[Collected data]
theorem lemma6p13:
  fixes k :: "'n::finite \<Rightarrow> int" and y :: "'n \<Rightarrow> real" and x \<phi> :: real
  assumes "x > 0" and "\<And>l. y l > 0"
  shows "(\<lambda>m::int. norm (exp (\<i> * of_int m * complex_of_real \<phi>) * jfun0 m (x * (\<Prod>l\<in>UNIV. y l))
            * (\<Prod>l\<in>UNIV. jfun0 (k l + m) (x / y l)))) summable_on UNIV
       \<and> ((\<lambda>m::int. exp (\<i> * of_int m * complex_of_real \<phi>) * jfun0 m (x * (\<Prod>l\<in>UNIV. y l))
            * (\<Prod>l\<in>UNIV. jfun0 (k l + m) (x / y l)))
          has_sum (2 * complex_of_real pi * Jk k y (2 * pi * x) \<phi>)) UNIV"
proof -
  let ?T = "\<lambda>m::int. exp (\<i> * of_int m * complex_of_real \<phi>) * jfun0 m (x * (\<Prod>l\<in>UNIV. y l))
            * (\<Prod>l\<in>UNIV. jfun0 (k l + m) (x / y l))"
  have args: "4 * pi * (x * (\<Prod>l\<in>UNIV. y l)) = 2 * (2 * pi * x) * (\<Prod>l\<in>UNIV. y l)"
    "4 * pi * (x / y l) = 2 * (2 * pi * x) / y l" for l
    by simp_all
  have T: "?T = (\<lambda>m. 2 * of_real pi *
      (of_real (besselJ m (2 * (2 * pi * x) * (\<Prod>l\<in>UNIV. y l))) * \<i> powi m * exp (\<i> * of_int m * of_real \<phi>)
       * (\<Prod>l\<in>UNIV. 2 * of_real pi * \<i> powi (k l + m) * of_real (besselJ (k l + m) (2 * (2 * pi * x) / y l)))))"
    unfolding jfun0_def args by (simp only: mult_ac)
  have sum: "(?T has_sum 2 * of_real pi * Jk k y (2 * pi * x) \<phi>) UNIV"
    unfolding T by (rule has_sum_cmult_right[OF Jk_has_sum])
  then have "?T summable_on UNIV"
    by (rule has_sum_imp_summable)
  then have "(\<lambda>m. norm (?T m)) summable_on UNIV"
    by (simp only: summable_on_iff_abs_summable_on_complex)
  with sum show ?thesis
    by (intro conjI)
qed

end
definition feasible where
  "feasible A B W V z N Qft Qt Rt \<gamma> S F \<longleftrightarrow>
     S 0 = IF (F 0) ** (V + outer z) ** transpose (IF (F 0)) \<and>
     (\<forall>k\<in>{1..N-1}. S k = Phi A B W (F k) (S (k - 1))) \<and>
     cost A B W N Qft Qt Rt S \<le> \<gamma>"

definition strictly_feasible where
  "strictly_feasible A B W V z N Qft Qt Rt \<gamma> \<longleftrightarrow>
     (\<exists>S F. S 0 = IF (F 0) ** (V + outer z) ** transpose (IF (F 0)) \<and>
     (\<forall>k\<in>{1..N-1}. S k = Phi A B W (F k) (S (k - 1))) \<and>
     cost A B W N Qft Qt Rt S < \<gamma>)"

definition optimal where
  "optimal A B W V z N Qf Q R Qft Qt Rt \<gamma> S F \<longleftrightarrow>
     feasible A B W V z N Qft Qt Rt \<gamma> S F \<and>
     (\<forall>S' F'. feasible A B W V z N Qft Qt Rt \<gamma> S' F' \<longrightarrow>
        cost A B W N Qf Q R S \<le> cost A B W N Qf Q R S')"

text \<open>Riccati recursion, indexed by steps-to-go j = N - k:
  Xr 0 = X_N, Xr (Suc j) = X_{N - Suc j}.\<close>
fun Xr :: "real^'n^'n \<Rightarrow> real^'m^'n \<Rightarrow> nat \<Rightarrow> real^'n^'n \<Rightarrow> (nat \<Rightarrow> real^'n^'n)
     \<Rightarrow> (nat \<Rightarrow> real^'m^'m) \<Rightarrow> real^'n^'n \<Rightarrow> (nat \<Rightarrow> real^'n^'n)
     \<Rightarrow> (nat \<Rightarrow> real^'m^'m) \<Rightarrow> real \<Rightarrow> nat \<Rightarrow> real^'n^'n" where
  "Xr A B N Qf Q R Qft Qt Rt lam 0 = Qf + lam *\<^sub>R Qft"
| "Xr A B N Qf Q R Qft Qt Rt lam (Suc j) =
     (let X = Xr A B N Qf Q R Qft Qt Rt lam j; k = N - Suc j in
      transpose A ** X ** A
      - transpose A ** X ** B ** matrix_inv (R k + lam *\<^sub>R Rt k + transpose B ** X ** B)
          ** transpose B ** X ** A
      + Q k + lam *\<^sub>R Qt k)"

definition Xl where
  "Xl A B N Qf Q R Qft Qt Rt lam k = Xr A B N Qf Q R Qft Qt Rt lam (N - k)"

definition Fl :: "real^'n^'n \<Rightarrow> real^'m^'n \<Rightarrow> nat \<Rightarrow> real^'n^'n \<Rightarrow> (nat \<Rightarrow> real^'n^'n)
     \<Rightarrow> (nat \<Rightarrow> real^'m^'m) \<Rightarrow> real^'n^'n \<Rightarrow> (nat \<Rightarrow> real^'n^'n)
     \<Rightarrow> (nat \<Rightarrow> real^'m^'m) \<Rightarrow> real \<Rightarrow> nat \<Rightarrow> real^'n^'m" where
  "Fl A B N Qf Q R Qft Qt Rt lam k =
     (let X = Xl A B N Qf Q R Qft Qt Rt lam (Suc k) in
      - (matrix_inv (R k + lam *\<^sub>R Rt k + transpose B ** X ** B) ** transpose B ** X ** A))"

fun Sl where
  "Sl A B W V z N Qf Q R Qft Qt Rt lam 0 =
     IF (Fl A B N Qf Q R Qft Qt Rt lam 0) ** (V + outer z)
        ** transpose (IF (Fl A B N Qf Q R Qft Qt Rt lam 0))"
| "Sl A B W V z N Qf Q R Qft Qt Rt lam (Suc k) =
     Phi A B W (Fl A B N Qf Q R Qft Qt Rt lam (Suc k)) (Sl A B W V z N Qf Q R Qft Qt Rt lam k)"

definition fl where
  "fl A B W V z N Qf Q R Qft Qt Rt \<gamma> lam =
     cost A B W N Qft Qt Rt (Sl A B W V z N Qf Q R Qft Qt Rt lam) - \<gamma>"

end

theory Submission
  imports Defs
begin

text \<open>For \<open>\<lambda> > 0\<close> the Lagrangian \<open>J_p + \<lambda> C\<close> of any covariance trajectory telescopes along the
  Riccati recursion: completing the square in the gain at every stage gives
  \<open>J_p + \<lambda> C = tr(X_0 \<Sigma>_0) + \<Sum>_k tr(X_(k+1) W) + \<Sum>_k tr((F_k - F_k\<^sup>\<lambda>)\<^sup>T G_k (F_k - F_k\<^sup>\<lambda>) \<Sigma>_k)\<close>
  with \<open>G_k = R_k + \<lambda> Rt_k + B\<^sup>T X_(k+1) B\<close> positive definite and \<open>\<Sigma>_k\<close> the (positive semidefinite)
  state covariance. The trace of a product of positive semidefinite matrices is nonnegative, so
  the gains \<open>F_k\<^sup>\<lambda>\<close> minimise the Lagrangian over all trajectories, definite noise or not. As
  \<open>C(S\<^sup>\<lambda>) = \<gamma>\<close>, weak duality gives \<open>J_p(S\<^sup>\<lambda>) + \<lambda>\<gamma> \<le> J_p(S) + \<lambda> C(S) \<le> J_p(S) + \<lambda>\<gamma>\<close> for every feasible
  \<open>S\<close>.\<close>

lemma matrix_add_rdistrib: "((A::'a::semiring_1^'n^'m) + B) ** C = A ** C + B ** C"
  by (simp add: matrix_matrix_mult_def vec_eq_iff sum.distrib algebra_simps)

lemma matrix_diff_ldistrib: "(A::'a::ring_1^'n^'m) ** (B - C) = A ** B - A ** C"
  by (simp add: matrix_matrix_mult_def vec_eq_iff sum_subtractf algebra_simps)

lemma matrix_diff_rdistrib: "((A::'a::ring_1^'n^'m) - B) ** C = A ** C - B ** C"
  by (simp add: matrix_matrix_mult_def vec_eq_iff sum_subtractf algebra_simps)

lemma matrix_mul_uminus_left: "(- (A::'a::ring_1^'n^'m)) ** C = - (A ** C)"
  by (simp add: matrix_matrix_mult_def vec_eq_iff sum_negf)

lemma matrix_mul_uminus_right: "(A::'a::ring_1^'n^'m) ** (- C) = - (A ** C)"
  by (simp add: matrix_matrix_mult_def vec_eq_iff sum_negf)

lemma matrix_mul_scaleR_left: "(c *\<^sub>R (A::real^'n^'m)) ** C = c *\<^sub>R (A ** C)"
  by (simp add: matrix_matrix_mult_def vec_eq_iff sum_distrib_left algebra_simps)

lemma matrix_mul_scaleR_right: "(A::real^'n^'m) ** (c *\<^sub>R C) = c *\<^sub>R (A ** C)"
  by (simp add: matrix_matrix_mult_def vec_eq_iff sum_distrib_left algebra_simps)

lemma matrix_mul_rzero: "(A::'a::semiring_1^'n^'m) ** (0::'a^'k^'n) = 0"
  by (simp add: matrix_matrix_mult_def vec_eq_iff)

lemma matrix_mul_lzero: "(0::'a::semiring_1^'n^'m) ** (A::'a^'k^'n) = 0"
  by (simp add: matrix_matrix_mult_def vec_eq_iff)

lemma transpose_add: "transpose ((A::'a::semiring_1^'n^'m) + B) = transpose A + transpose B"
  by (simp add: transpose_def vec_eq_iff)

lemma transpose_diff: "transpose ((A::'a::ring_1^'n^'m) - B) = transpose A - transpose B"
  by (simp add: transpose_def vec_eq_iff)

lemma transpose_uminus: "transpose (- (A::'a::ring_1^'n^'m)) = - transpose A"
  by (simp add: transpose_def vec_eq_iff)

lemma transpose_zero: "transpose (0::'a::semiring_1^'n^'m) = 0"
  by (simp add: transpose_def vec_eq_iff)

lemma trace_scaleR: "trace (c *\<^sub>R (A::real^'n^'n)) = c * trace A"
  by (simp add: trace_def sum_distrib_left)

lemma trace_zero: "trace (0::'a::semiring_1^'n^'n) = 0"
  by (simp add: trace_def)

lemmas matrix_ring_simps =
  matrix_add_ldistrib matrix_add_rdistrib matrix_diff_ldistrib matrix_diff_rdistrib
  matrix_mul_uminus_left matrix_mul_uminus_right matrix_mul_scaleR_left matrix_mul_scaleR_right
  matrix_mul_rzero matrix_mul_lzero transpose_add transpose_diff transpose_uminus transpose_zero
  matrix_transpose_mul transpose_scalar
text \<open>Two sinks, or two sources, are never joined by a positive edge, and a sink and a source
  never by a negative one; so the bound k is never attained by \<open>sign_mult P e\<close> at the
  other end of an edge at a vertex of color k or -k.\<close>

lemma compatible_at_extreme:
  assumes or: "oriented_signed_graph P" and e: "e \<in> sg_E P"
    and bound: "\<forall>v\<in>sg_V P. \<bar>\<kappa> v\<bar> \<le> k"
    and top: "color_class P \<kappa> k \<subseteq> sinks P" and bottom: "color_class P \<kappa> (- k) \<subseteq> sources P"
    and extreme: "\<bar>\<kappa> (endpt P e b)\<bar> = k"
  shows "compatible_at P \<kappa> e b"
proof -
  have at_top: "\<kappa> (endpt P e c) = k \<Longrightarrow> sg_arr P e c" for c
    using top endpt_in_sg_V[OF or e, of c] e
    by (auto simp: color_class_def sinks_def is_sink_def)
  have at_bottom: "\<kappa> (endpt P e c) = - k \<Longrightarrow> \<not> sg_arr P e c" for c
    using bottom endpt_in_sg_V[OF or e, of c] e
    by (auto simp: color_class_def sources_def is_source_def)
  have other: "sg_arr P e (\<not> b) = (if sg_pos P e then \<not> sg_arr P e b else sg_arr P e b)"
    by (rule sg_arr_other_side[OF or e])
  have "\<bar>\<kappa> (endpt P e (\<not> b))\<bar> \<le> k"
    using bound endpt_in_sg_V[OF or e] by blast
  then have range: "- k \<le> sign_mult P e (\<kappa> (endpt P e (\<not> b)))"
      "sign_mult P e (\<kappa> (endpt P e (\<not> b))) \<le> k"
    by (auto simp: sign_mult_def)
  consider "\<kappa> (endpt P e b) = k" | "\<kappa> (endpt P e b) = - k"
    using extreme by linarith
  then show ?thesis
  proof cases
    case 1
    with at_top have "sg_arr P e b" .
    moreover have "sign_mult P e (\<kappa> (endpt P e (\<not> b))) \<noteq> k"
      using at_top[of "\<not> b"] at_bottom[of "\<not> b"] other \<open>sg_arr P e b\<close>
      by (auto simp: sign_mult_def split: if_splits)
    ultimately show ?thesis
      using 1 range by (simp add: compatible_at_def)
  next
    case 2
    with at_bottom have "\<not> sg_arr P e b" .
    moreover have "sign_mult P e (\<kappa> (endpt P e (\<not> b))) \<noteq> - k"
      using at_top[of "\<not> b"] at_bottom[of "\<not> b"] other \<open>\<not> sg_arr P e b\<close>
      by (auto simp: sign_mult_def split: if_splits)
    ultimately show ?thesis
      using 2 range by (simp add: compatible_at_def)
  qed
qed

section \<open>Peeling off the extreme colors\<close>

definition sink_source_pairs :: "sgo \<Rightarrow> (nat set \<times> nat set) set" where
  "sink_source_pairs P = Sigma (Pow (sinks P)) (\<lambda>A. Pow (sources P - A))"
(* Let $(\varphi_n\colon n\in\mathbb{N})$ be a quotient-convergent sequence of increasing submodular setfunctions, each defined on some set-algebra. Then there exists an increasing submodular setfunction $\varphi\colon\mathcal{B}(C)\to\mathbb{R}$, defined on the Borel subsets of the Cantor set $C$, such that $\varphi_n\rightarrowtail\varphi$.
   Context: A set-algebra $(J,\mathcal{B})$ is a family of subsets of $J$ containing $\emptyset$ and closed under complement and finite union. A setfunction on it is a map $\varphi\colon\mathcal{B}\to\mathbb{R}$ with $\varphi(\emptyset)=0$; it is increasing if $X\subseteq Y$ implies $\varphi(X)\le\varphi(Y)$, and submodular if $\varphi(X)+\varphi(Y)\ge\varphi(X\cap Y)+\varphi(X\cup Y)$ for all $X,Y\in\mathcal{B}$. For $k\in\mathbb{N}$ and a map $F\colon J\to[k]$ with $F^{-1}(i)\in\mathcal{B}$ for all $i$, the quotient $\varphi\circ F^{-1}$ is the setfunction $A\mapsto\varphi(F^{-1}(A))$ on $2^{[k]}$, and $Q_k(\varphi)\subseteq\mathbb{R}^{2^k}$ is the set of all such quotients. A sequence $(\varphi_n)$ is quotient-convergent if for every $k$ the sets $Q_k(\varphi_n)$ form a Cauchy sequence in the Hausdorff distance on $\mathbb{R}^{2^k}$; it quotient-converges to $\varphi$, written $\varphi_n\rightarrowtail\varphi$, if for every $k$ the Hausdorff distance between $Q_k(\varphi_n)$ and $Q_k(\varphi)$ tends to $0$. *)

theory Defs
  imports "HOL-Analysis.Analysis"
begin

text \<open>A setfunction on (J,B) is phi restricted to B, with phi of the empty set = 0.\<close>

definition setfunction :: "'a set \<Rightarrow> 'a set set \<Rightarrow> ('a set \<Rightarrow> real) \<Rightarrow> bool" where
  "setfunction J B phi \<longleftrightarrow> algebra J B \<and> phi {} = 0"

definition increasing_sf :: "'a set set \<Rightarrow> ('a set \<Rightarrow> real) \<Rightarrow> bool" where
  "increasing_sf B phi \<longleftrightarrow> (\<forall>X\<in>B. \<forall>Y\<in>B. X \<subseteq> Y \<longrightarrow> phi X \<le> phi Y)"

definition submodular_sf :: "'a set set \<Rightarrow> ('a set \<Rightarrow> real) \<Rightarrow> bool" where
  "submodular_sf B phi \<longleftrightarrow>
     (\<forall>X\<in>B. \<forall>Y\<in>B. phi X + phi Y \<ge> phi (X \<inter> Y) + phi (X \<union> Y))"

text \<open>[k] is rendered as {..<k}. A quotient phi o F^-1 is a setfunction on 2^[k],
  represented as a function on nat sets which is 0 outside Pow {..<k}
  (so it is a point of R^(2^k)).\<close>

definition quotient_sf :: "nat \<Rightarrow> 'a set \<Rightarrow> ('a set \<Rightarrow> real) \<Rightarrow> ('a \<Rightarrow> nat) \<Rightarrow> (nat set \<Rightarrow> real)" where
  "quotient_sf k J phi F = (\<lambda>A. if A \<subseteq> {..<k} then phi {x\<in>J. F x \<in> A} else 0)"

definition Q :: "nat \<Rightarrow> 'a set \<Rightarrow> 'a set set \<Rightarrow> ('a set \<Rightarrow> real) \<Rightarrow> (nat set \<Rightarrow> real) set" where
  "Q k J B phi = {quotient_sf k J phi F | F.
      F \<in> J \<rightarrow> {..<k} \<and> (\<forall>i<k. {x\<in>J. F x = i} \<in> B)}"

definition dist_k :: "nat \<Rightarrow> (nat set \<Rightarrow> real) \<Rightarrow> (nat set \<Rightarrow> real) \<Rightarrow> real" where
  "dist_k k f g = Max ((\<lambda>A. \<bar>f A - g A\<bar>) ` Pow {..<k})"

definition hausdorff_k :: "nat \<Rightarrow> (nat set \<Rightarrow> real) set \<Rightarrow> (nat set \<Rightarrow> real) set \<Rightarrow> real" where
  "hausdorff_k k S T = max (SUP f\<in>S. INF g\<in>T. dist_k k f g) (SUP g\<in>T. INF f\<in>S. dist_k k f g)"

definition quotient_convergent ::
  "(nat \<Rightarrow> 'a set) \<Rightarrow> (nat \<Rightarrow> 'a set set) \<Rightarrow> (nat \<Rightarrow> 'a set \<Rightarrow> real) \<Rightarrow> bool" where
  "quotient_convergent J B phi \<longleftrightarrow>
     (\<forall>k\<ge>1. \<forall>e>0. \<exists>N. \<forall>m\<ge>N. \<forall>n\<ge>N.
        hausdorff_k k (Q k (J m) (B m) (phi m)) (Q k (J n) (B n) (phi n)) < e)"

definition quotient_converges_to ::
  "(nat \<Rightarrow> 'a set) \<Rightarrow> (nat \<Rightarrow> 'a set set) \<Rightarrow> (nat \<Rightarrow> 'a set \<Rightarrow> real) \<Rightarrow>
   'b set \<Rightarrow> 'b set set \<Rightarrow> ('b set \<Rightarrow> real) \<Rightarrow> bool" where
  "quotient_converges_to J B phi J' B' psi \<longleftrightarrow>
     (\<forall>k\<ge>1. (\<lambda>n. hausdorff_k k (Q k (J n) (B n) (phi n)) (Q k J' B' psi)) \<longlonglongrightarrow> 0)"

definition cantor_set :: "real set" where
  "cantor_set = range (\<lambda>b::nat \<Rightarrow> bool. \<Sum>i. (if b i then 2 else 0) / 3 ^ Suc i)"

definition cantor_borel :: "real set set" where
  "cantor_borel = sets (restrict_space borel cantor_set)"

end

theory Submission
  imports Defs
begin

text \<open>Quotient convergence for k = 1 says that the totals \<open>\<phi>\<^sub>n(J\<^sub>n)\<close> form a Cauchy
  sequence, so the \<open>\<phi>\<^sub>n\<close> are uniformly bounded. Enumerate the countably many targets
  \<open>(k, w)\<close> with \<open>w\<close> a rational point of \<open>\<real>\<^bsup>2\<^sup>k\<^esup>\<close>. For every \<open>m\<close> and every target choose a
  \<open>k\<close>-partition of \<open>J\<^sub>m\<close> whose quotient approximates \<open>w\<close> within \<open>1/(m+1)\<close> of the best
  approximation by \<open>Q\<^sub>k(\<phi>\<^sub>m)\<close>, and code each point of \<open>J\<^sub>m\<close> by the list of its classes
  for the first \<open>m\<close> targets. Pushing \<open>\<phi>\<^sub>m\<close> forward along the code gives uniformly
  bounded increasing submodular setfunctions on all sets of lists; by Tychonoff they have a
  pointwise cluster point \<open>\<psi>\<close>, which is again increasing and submodular. Every quotient of
  \<open>\<psi>\<close> is close to quotients of \<open>\<phi>\<^sub>m\<close> for infinitely many \<open>m\<close>, and for every point \<open>v\<close>
  some quotient of \<open>\<psi>\<close> is nearly as close to \<open>v\<close> as \<open>Q\<^sub>k(\<phi>\<^sub>m)\<close> is; with the Cauchy
  property this gives \<open>Q\<^sub>k(\<phi>\<^sub>n) \<rightarrow> Q\<^sub>k(\<psi>)\<close> in Hausdorff distance. Finally the countable set
  of lists embeds into the Cantor set as a Borel set, and transporting \<open>\<psi>\<close> along the
  embedding does not change its quotients.\<close>

section \<open>Hausdorff distance of quotient sets\<close>

lemma dist_k_ge: "A \<subseteq> {..<k} \<Longrightarrow> \<bar>f A - g A\<bar> \<le> dist_k k f g"
  unfolding dist_k_def by (intro Max_ge) auto

lemma dist_k_le: "(\<And>A. A \<subseteq> {..<k} \<Longrightarrow> \<bar>f A - g A\<bar> \<le> c) \<Longrightarrow> dist_k k f g \<le> c"
  unfolding dist_k_def by (subst Max_le_iff) auto

lemma dist_k_less: "(\<And>A. A \<subseteq> {..<k} \<Longrightarrow> \<bar>f A - g A\<bar> < c) \<Longrightarrow> dist_k k f g < c"
  unfolding dist_k_def by (subst Max_less_iff) auto

lemma dist_k_nonneg: "0 \<le> dist_k k f g"
  using dist_k_ge[of "{}" k f g] by simp

lemma dist_k_commute: "dist_k k f g = dist_k k g f"
  unfolding dist_k_def by (simp add: abs_minus_commute)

◆ **PROBLEM**: Indicate how many lines in the records above include the word "bool", giving no other content.

◆ **EXPECTED OUTPUT**: 6